>>>
(* Let $\alpha,\gamma\in\mathbb{C}$ and $\Delta\in\mathbb{C}^*$. Consider extensions of conformal $\mathrm{SV}$-modules $$0\to \mathbb{C}c_\gamma\to E\to V(\alpha,\Delta)\to 0,$$ realized as $E=\mathbb{C}c_\gamma\oplus\mathbb{C}[\partial]v_\Delta$ (as $\mathbb{C}[\partial]$-modules), with $\mathbb{C}c_\gamma$ an $\mathrm{SV}$-submodule and $$L_\lambda v_\Delta=(\partial+\alpha+\Delta\lambda)v_\Delta+f(\lambda)c_\gamma,\quad M_\lambda v_\Delta=g(\lambda)c_\gamma,\quad Y_\lambda v_\Delta=h(\lambda)c_\gamma,$$ for polynomials $f,g,h\in\mathbb{C}[\lambda]$. Nontrivial extensions of this form exist if and only if $\alpha+\gamma=0$ and $\Delta\in\{1,2,-\tfrac12\}$. In these cases they are given, up to equivalence, by: (i) $\Delta=1$: $g=h=0$, $f(\lambda)=a_2\lambda^2$ with $a_2\neq0$; (ii) $\Delta=2$: $g=h=0$, $f(\lambda)=a_3\lambda^3$ with $a_3\neq0$; (iii) $\Delta=-\tfrac12$: $f=g=0$, $h(\lambda)=b_0$ with $b_0\neq0$. In particular, $\mathrm{Ext}(V(\alpha,\Delta),\mathbb{C}c_{-\alpha})$ is $1$-dimensional in each of the cases (i)–(iii).
   Context: A Lie conformal algebra is a $\mathbb{C}[\partial]$-module $R$ with a $\mathbb{C}$-bilinear $\lambda$-bracket $R\otimes R\to\mathbb{C}[\lambda]\otimes R$, $a\otimes b\mapsto[a_\lambda b]$, satisfying $[\partial a_\lambda b]=-\lambda[a_\lambda b]$, $[a_\lambda\partial b]=(\partial+\lambda)[a_\lambda b]$, $[a_\lambda b]=-[b_{-\lambda-\partial}a]$, and $[a_\lambda[b_\mu c]]=[[a_\lambda b]_{\lambda+\mu}c]+[b_\mu[a_\lambda c]]$. A conformal module over $R$ is a $\mathbb{C}[\partial]$-module $V$ with a linear map $a\mapsto a_\lambda\in\mathrm{End}_{\mathbb{C}}(V)\otimes\mathbb{C}[\lambda]$ such that $[a_\lambda,b_\mu]=[a_\lambda b]_{\lambda+\mu}$ and $(\partial a)_\lambda=[\partial,a_\lambda]=-\lambda a_\lambda$. The Schrödinger–Virasoro conformal algebra $\mathrm{SV}$ is the free $\mathbb{C}[\partial]$-module with basis $L,M,Y$ whose nonzero $\lambda$-brackets (up to skew-symmetry) are $[L_\lambda L]=(\partial+2\lambda)L$, $[L_\lambda Y]=(\partial+\tfrac32\lambda)Y$, $[L_\lambda M]=(\partial+\lambda)M$, $[Y_\lambda Y]=(\partial+2\lambda)M$. For $\alpha,\Delta\in\mathbb{C}$, $V(\alpha,\Delta)=\mathbb{C}[\partial]v_\Delta$ is the free rank-one module with $L_\lambda v_\Delta=(\partial+\alpha+\Delta\lambda)v_\Delta$, $M_\lambda v_\Delta=Y_\lambda v_\Delta=0$. For $\gamma\in\mathbb{C}$, $\mathbb{C}c_\gamma$ is the one-dimensional module with $\partial c_\gamma=\gamma c_\gamma$ and all $\lambda$-actions zero. An extension of $W$ by $V$ is an exact sequence of conformal modules $0\to V\to E\to W\to0$; two extensions are equivalent if there is a module homomorphism between the middle terms commuting with the identity maps on $V$ and $W$; an extension is trivial if equivalent to $V\oplus W$. $\mathrm{Ext}(W,V)$ denotes the vector space of extension cocycles modulo coboundaries (cocycles giving trivial extensions). *)

theory Defs
  imports "HOL-Computational_Algebra.Polynomial"
begin

datatype sv_gen = L | M | Y

definition sv_gens :: "sv_gen list" where
  "sv_gens = [L, M, Y]"

text \<open>An element of SV is p_L(d) L + p_M(d) M + p_Y(d) Y, represented by the
  coefficient function (generator to polynomial in d).  The formal variable
  lambda is treated as a complex number (polynomial identities in lambda, mu
  over C are equivalent to identities of their values).\<close>
type_synonym sv_elem = "sv_gen \<Rightarrow> complex poly"

text \<open>The lambda-bracket of generators at lam, as an element of SV:
  coefficient of generator c in [a_lam b].  Brackets with the first argument
  M or Y and second L are obtained from skew-symmetry.\<close>
fun gen_bracket :: "sv_gen \<Rightarrow> sv_gen \<Rightarrow> complex \<Rightarrow> sv_gen \<Rightarrow> complex poly" where
  "gen_bracket L L lam c = (if c = L then [:2 * lam, 1:] else 0)"
| "gen_bracket L M lam c = (if c = M then [:lam, 1:] else 0)"
| "gen_bracket L Y lam c = (if c = Y then [:3/2 * lam, 1:] else 0)"
| "gen_bracket M L lam c = (if c = M then [:lam:] else 0)"
| "gen_bracket Y L lam c = (if c = Y then [:3/2 * lam, 1/2:] else 0)"
| "gen_bracket Y Y lam c = (if c = M then [:2 * lam, 1:] else 0)"
| "gen_bracket _ _ lam c = 0"

text \<open>Sesquilinear extension:
  [x_lam y] = sum_{a,b} x_a(-lam) y_b(d+lam) [a_lam b].\<close>
definition sv_bracket :: "sv_elem \<Rightarrow> complex \<Rightarrow> sv_elem \<Rightarrow> sv_elem" where
  "sv_bracket x lam y = (\<lambda>c. sum_list (map (\<lambda>(a, b).
      smult (poly (x a) (- lam)) (pcompose (y b) [:lam, 1:] * gen_bracket a b lam c))
      (List.product sv_gens sv_gens)))"

text \<open>(z, p) stands for z c_gamma + p(d) v_Delta.\<close>
type_synonym E_elem = "complex \<times> complex poly"

definition addE :: "E_elem \<Rightarrow> E_elem \<Rightarrow> E_elem" where
  "addE e e' = (fst e + fst e', snd e + snd e')"

definition smulE :: "complex \<Rightarrow> E_elem \<Rightarrow> E_elem" where
  "smulE s e = (s * fst e, smult s (snd e))"

definition subE :: "E_elem \<Rightarrow> E_elem \<Rightarrow> E_elem" where
  "subE e e' = (fst e - fst e', snd e - snd e')"

definition delE :: "complex \<Rightarrow> E_elem \<Rightarrow> E_elem" where
  "delE \<gamma> e = (\<gamma> * fst e, [:0, 1:] * snd e)"

text \<open>Given lambda-actions of the generators on E, the action of a general
  element x = sum_a p_a(d) a of SV: x_lam = sum_a p_a(-lam) a_lam
  (this is forced by (d a)_lam = - lam a_lam).\<close>
definition sv_act :: "(sv_gen \<Rightarrow> complex \<Rightarrow> E_elem \<Rightarrow> E_elem) \<Rightarrow> sv_elem \<Rightarrow> complex \<Rightarrow> E_elem \<Rightarrow> E_elem" where
  "sv_act act x lam e =
     addE (smulE (poly (x L) (- lam)) (act L lam e))
      (addE (smulE (poly (x M) (- lam)) (act M lam e))
            (smulE (poly (x Y) (- lam)) (act Y lam e)))"

definition conformal_module :: "complex \<Rightarrow> (sv_gen \<Rightarrow> complex \<Rightarrow> E_elem \<Rightarrow> E_elem) \<Rightarrow> bool" where
  "conformal_module \<gamma> act \<longleftrightarrow>
     (\<forall>a lam e e'. act a lam (addE e e') = addE (act a lam e) (act a lam e')) \<and>
     (\<forall>a lam s e. act a lam (smulE s e) = smulE s (act a lam e)) \<and>
     (\<forall>x lam e. subE (delE \<gamma> (sv_act act x lam e)) (sv_act act x lam (delE \<gamma> e))
                  = smulE (- lam) (sv_act act x lam e)) \<and>
     (\<forall>x y lam mu e. subE (sv_act act x lam (sv_act act y mu e)) (sv_act act y mu (sv_act act x lam e))
                  = sv_act act (sv_bracket x lam y) (lam + mu) e)"

definition ext_of_form :: "complex \<Rightarrow> complex \<Rightarrow> complex \<Rightarrow> complex poly \<Rightarrow> complex poly \<Rightarrow> complex poly
     \<Rightarrow> (sv_gen \<Rightarrow> complex \<Rightarrow> E_elem \<Rightarrow> E_elem) \<Rightarrow> bool" where
  "ext_of_form \<alpha> \<Delta> \<gamma> f g h act \<longleftrightarrow>
     conformal_module \<gamma> act \<and>
     (\<forall>a lam z. act a lam (z, 0) = (0, 0)) \<and>
     (\<forall>lam. act L lam (0, 1) = (poly f lam, [:\<alpha> + \<Delta> * lam, 1:]) \<and>
            act M lam (0, 1) = (poly g lam, 0) \<and>
            act Y lam (0, 1) = (poly h lam, 0))"

text \<open>Equivalence of two extensions (module structures act, act' on E):
  a module homomorphism E -> E' that is the identity on C c_gamma and
  induces the identity on V(alpha, Delta).\<close>
definition ext_equiv :: "complex \<Rightarrow> (sv_gen \<Rightarrow> complex \<Rightarrow> E_elem \<Rightarrow> E_elem)
     \<Rightarrow> (sv_gen \<Rightarrow> complex \<Rightarrow> E_elem \<Rightarrow> E_elem) \<Rightarrow> bool" where
  "ext_equiv \<gamma> act act' \<longleftrightarrow> (\<exists>\<phi>.
     (\<forall>e e'. \<phi> (addE e e') = addE (\<phi> e) (\<phi> e')) \<and>
     (\<forall>s e. \<phi> (smulE s e) = smulE s (\<phi> e)) \<and>
     (\<forall>e. \<phi> (delE \<gamma> e) = delE \<gamma> (\<phi> e)) \<and>
     (\<forall>a lam e. \<phi> (act a lam e) = act' a lam (\<phi> e)) \<and>
     (\<forall>z. \<phi> (z, 0) = (z, 0)) \<and>
     (\<forall>e. snd (\<phi> e) = snd e))"

definition trivial_ext :: "complex \<Rightarrow> complex \<Rightarrow> complex
     \<Rightarrow> (sv_gen \<Rightarrow> complex \<Rightarrow> E_elem \<Rightarrow> E_elem) \<Rightarrow> bool" where
  "trivial_ext \<alpha> \<Delta> \<gamma> act \<longleftrightarrow>
     (\<exists>act0. ext_of_form \<alpha> \<Delta> \<gamma> 0 0 0 act0 \<and> ext_equiv \<gamma> act act0)"

definition is_cocycle :: "complex \<Rightarrow> complex \<Rightarrow> complex \<Rightarrow> complex poly \<Rightarrow> complex poly \<Rightarrow> complex poly \<Rightarrow> bool" where
  "is_cocycle \<alpha> \<Delta> \<gamma> f g h \<longleftrightarrow> (\<exists>act. ext_of_form \<alpha> \<Delta> \<gamma> f g h act)"

definition is_coboundary :: "complex \<Rightarrow> complex \<Rightarrow> complex \<Rightarrow> complex poly \<Rightarrow> complex poly \<Rightarrow> complex poly \<Rightarrow> bool" where
  "is_coboundary \<alpha> \<Delta> \<gamma> f g h \<longleftrightarrow>
     (\<exists>act. ext_of_form \<alpha> \<Delta> \<gamma> f g h act \<and> trivial_ext \<alpha> \<Delta> \<gamma> act)"

definition nontrivial_ext :: "complex \<Rightarrow> complex \<Rightarrow> complex \<Rightarrow> complex poly \<Rightarrow> complex poly \<Rightarrow> complex poly \<Rightarrow> bool" where
  "nontrivial_ext \<alpha> \<Delta> \<gamma> f g h \<longleftrightarrow>
     (\<exists>act. ext_of_form \<alpha> \<Delta> \<gamma> f g h act \<and> \<not> trivial_ext \<alpha> \<Delta> \<gamma> act)"

definition equiv_forms :: "complex \<Rightarrow> complex \<Rightarrow> complex
     \<Rightarrow> complex poly \<times> complex poly \<times> complex poly
     \<Rightarrow> complex poly \<times> complex poly \<times> complex poly \<Rightarrow> bool" where
  "equiv_forms \<alpha> \<Delta> \<gamma> u u' \<longleftrightarrow>
     (\<exists>act act'. ext_of_form \<alpha> \<Delta> \<gamma> (fst u) (fst (snd u)) (snd (snd u)) act \<and>
                 ext_of_form \<alpha> \<Delta> \<gamma> (fst u') (fst (snd u')) (snd (snd u')) act' \<and>
                 ext_equiv \<gamma> act act')"

text \<open>Ext = cocycles / coboundaries is one-dimensional: there is a cocycle w
  that is not a coboundary such that every cocycle is a scalar multiple of w
  modulo coboundaries.\<close>
definition ext_dim_one :: "complex \<Rightarrow> complex \<Rightarrow> complex \<Rightarrow> bool" where
  "ext_dim_one \<alpha> \<Delta> \<gamma> \<longleftrightarrow>
     (\<exists>f0 g0 h0. is_cocycle \<alpha> \<Delta> \<gamma> f0 g0 h0 \<and> \<not> is_coboundary \<alpha> \<Delta> \<gamma> f0 g0 h0 \<and>
        (\<forall>f g h. is_cocycle \<alpha> \<Delta> \<gamma> f g h \<longrightarrow>
           (\<exists>s. is_coboundary \<alpha> \<Delta> \<gamma> (f - smult s f0) (g - smult s g0) (h - smult s h0))))"

end

theory Submission
  imports Defs
begin

text \<open>Sesquilinearity and \<open>[\<partial>, a\<^sub>\<lambda>] = -\<lambda> a\<^sub>\<lambda>\<close> force the whole action on \<open>E\<close> to be
  determined by \<open>f, g, h\<close>, so an extension of the given form exists iff the bracket identities hold
  on \<open>v\<close>: \<open>g = 0\<close> and \<open>f, h\<close> satisfy two functional equations. An equivalence must be
  \<open>z c + p(\<partial>) v \<mapsto> (z + k p(\<gamma>)) c + p(\<partial>) v\<close>, which changes \<open>f\<close> by \<open>k (\<alpha> + \<gamma> + \<Delta> \<lambda>)\<close>;
  these multiples are the coboundaries. Putting \<open>\<mu> = 0\<close> shows that every cocycle is a coboundary
  unless \<open>\<alpha> + \<gamma> = 0\<close>. Then putting \<open>\<mu> = t \<lambda>\<close> and comparing coefficients of \<open>\<lambda>\<^sup>n\<^sup>+\<^sup>1\<close>
  shows that \<open>f\<close> can only contain \<open>\<lambda>\<close> (a coboundary), \<open>\<lambda>\<^sup>2\<close> if \<open>\<Delta> = 1\<close> and \<open>\<lambda>\<^sup>3\<close> if \<open>\<Delta> = 2\<close>,
  while \<open>h\<close> is a constant that vanishes unless \<open>\<Delta> = -1/2\<close>.\<close>

section \<open>The module structure determined by a cocycle\<close>

definition gen_cocycle :: "complex poly \<Rightarrow> complex poly \<Rightarrow> complex poly \<Rightarrow> sv_gen \<Rightarrow> complex poly" where
  "gen_cocycle f g h a = (case a of L \<Rightarrow> f | M \<Rightarrow> g | Y \<Rightarrow> h)"

text \<open>Sesquilinearity forces \<open>a\<^sub>\<lambda> (z c + p(\<partial>) v) = p(\<partial> + \<lambda>) a\<^sub>\<lambda> v\<close>, and \<open>\<partial>\<close> acts on \<open>c\<close>
  by \<open>\<gamma>\<close>.\<close>
definition ext_action :: "complex \<Rightarrow> complex \<Rightarrow> complex \<Rightarrow> complex poly \<Rightarrow> complex poly \<Rightarrow> complex poly
    \<Rightarrow> sv_gen \<Rightarrow> complex \<Rightarrow> E_elem \<Rightarrow> E_elem" where
  "ext_action \<alpha> \<Delta> \<gamma> f g h a lam e =
     (poly (snd e) (\<gamma> + lam) * poly (gen_cocycle f g h a) lam,
      pcompose (snd e) [:lam, 1:] * (if a = L then [:\<alpha> + \<Delta> * lam, 1:] else 0))"

lemma ext_action_addE:
  "ext_action \<alpha> \<Delta> \<gamma> f g h a lam (addE e e') =
     addE (ext_action \<alpha> \<Delta> \<gamma> f g h a lam e) (ext_action \<alpha> \<Delta> \<gamma> f g h a lam e')"
  by (simp add: ext_action_def addE_def pcompose_add algebra_simps)

lemma ext_action_smulE:
  "ext_action \<alpha> \<Delta> \<gamma> f g h a lam (smulE s e) = smulE s (ext_action \<alpha> \<Delta> \<gamma> f g h a lam e)"
  by (simp add: ext_action_def smulE_def pcompose_smult)

lemma ext_action_delE:
  "ext_action \<alpha> \<Delta> \<gamma> f g h a lam (delE \<gamma> e) =
     addE (delE \<gamma> (ext_action \<alpha> \<Delta> \<gamma> f g h a lam e)) (smulE lam (ext_action \<alpha> \<Delta> \<gamma> f g h a lam e))"
  by (cases a) (simp_all add: ext_action_def gen_cocycle_def delE_def addE_def smulE_def
      pcompose_pCons pcompose_mult smult_add_right smult_add_left[symmetric] algebra_simps)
<<<
Above is a listing; print exactly its lines from the one with "(map (\<lambda>(a, b)." through the one with "(addE (smulE (poly", and no other lines.

  "sv_bracket x lam y = (\<lambda>c. sum_list (map (\<lambda>(a, b).
      smult (poly (x a) (- lam)) (pcompose (y b) [:lam, 1:] * gen_bracket a b lam c))
      (List.product sv_gens sv_gens)))"

text \<open>(z, p) stands for z c_gamma + p(d) v_Delta.\<close>
type_synonym E_elem = "complex \<times> complex poly"

definition addE :: "E_elem \<Rightarrow> E_elem \<Rightarrow> E_elem" where
  "addE e e' = (fst e + fst e', snd e + snd e')"

definition smulE :: "complex \<Rightarrow> E_elem \<Rightarrow> E_elem" where
  "smulE s e = (s * fst e, smult s (snd e))"

definition subE :: "E_elem \<Rightarrow> E_elem \<Rightarrow> E_elem" where
  "subE e e' = (fst e - fst e', snd e - snd e')"

definition delE :: "complex \<Rightarrow> E_elem \<Rightarrow> E_elem" where
  "delE \<gamma> e = (\<gamma> * fst e, [:0, 1:] * snd e)"

text \<open>Given lambda-actions of the generators on E, the action of a general
  element x = sum_a p_a(d) a of SV: x_lam = sum_a p_a(-lam) a_lam
  (this is forced by (d a)_lam = - lam a_lam).\<close>
definition sv_act :: "(sv_gen \<Rightarrow> complex \<Rightarrow> E_elem \<Rightarrow> E_elem) \<Rightarrow> sv_elem \<Rightarrow> complex \<Rightarrow> E_elem \<Rightarrow> E_elem" where
  "sv_act act x lam e =
     addE (smulE (poly (x L) (- lam)) (act L lam e))
      (addE (smulE (poly (x M) (- lam)) (act M lam e))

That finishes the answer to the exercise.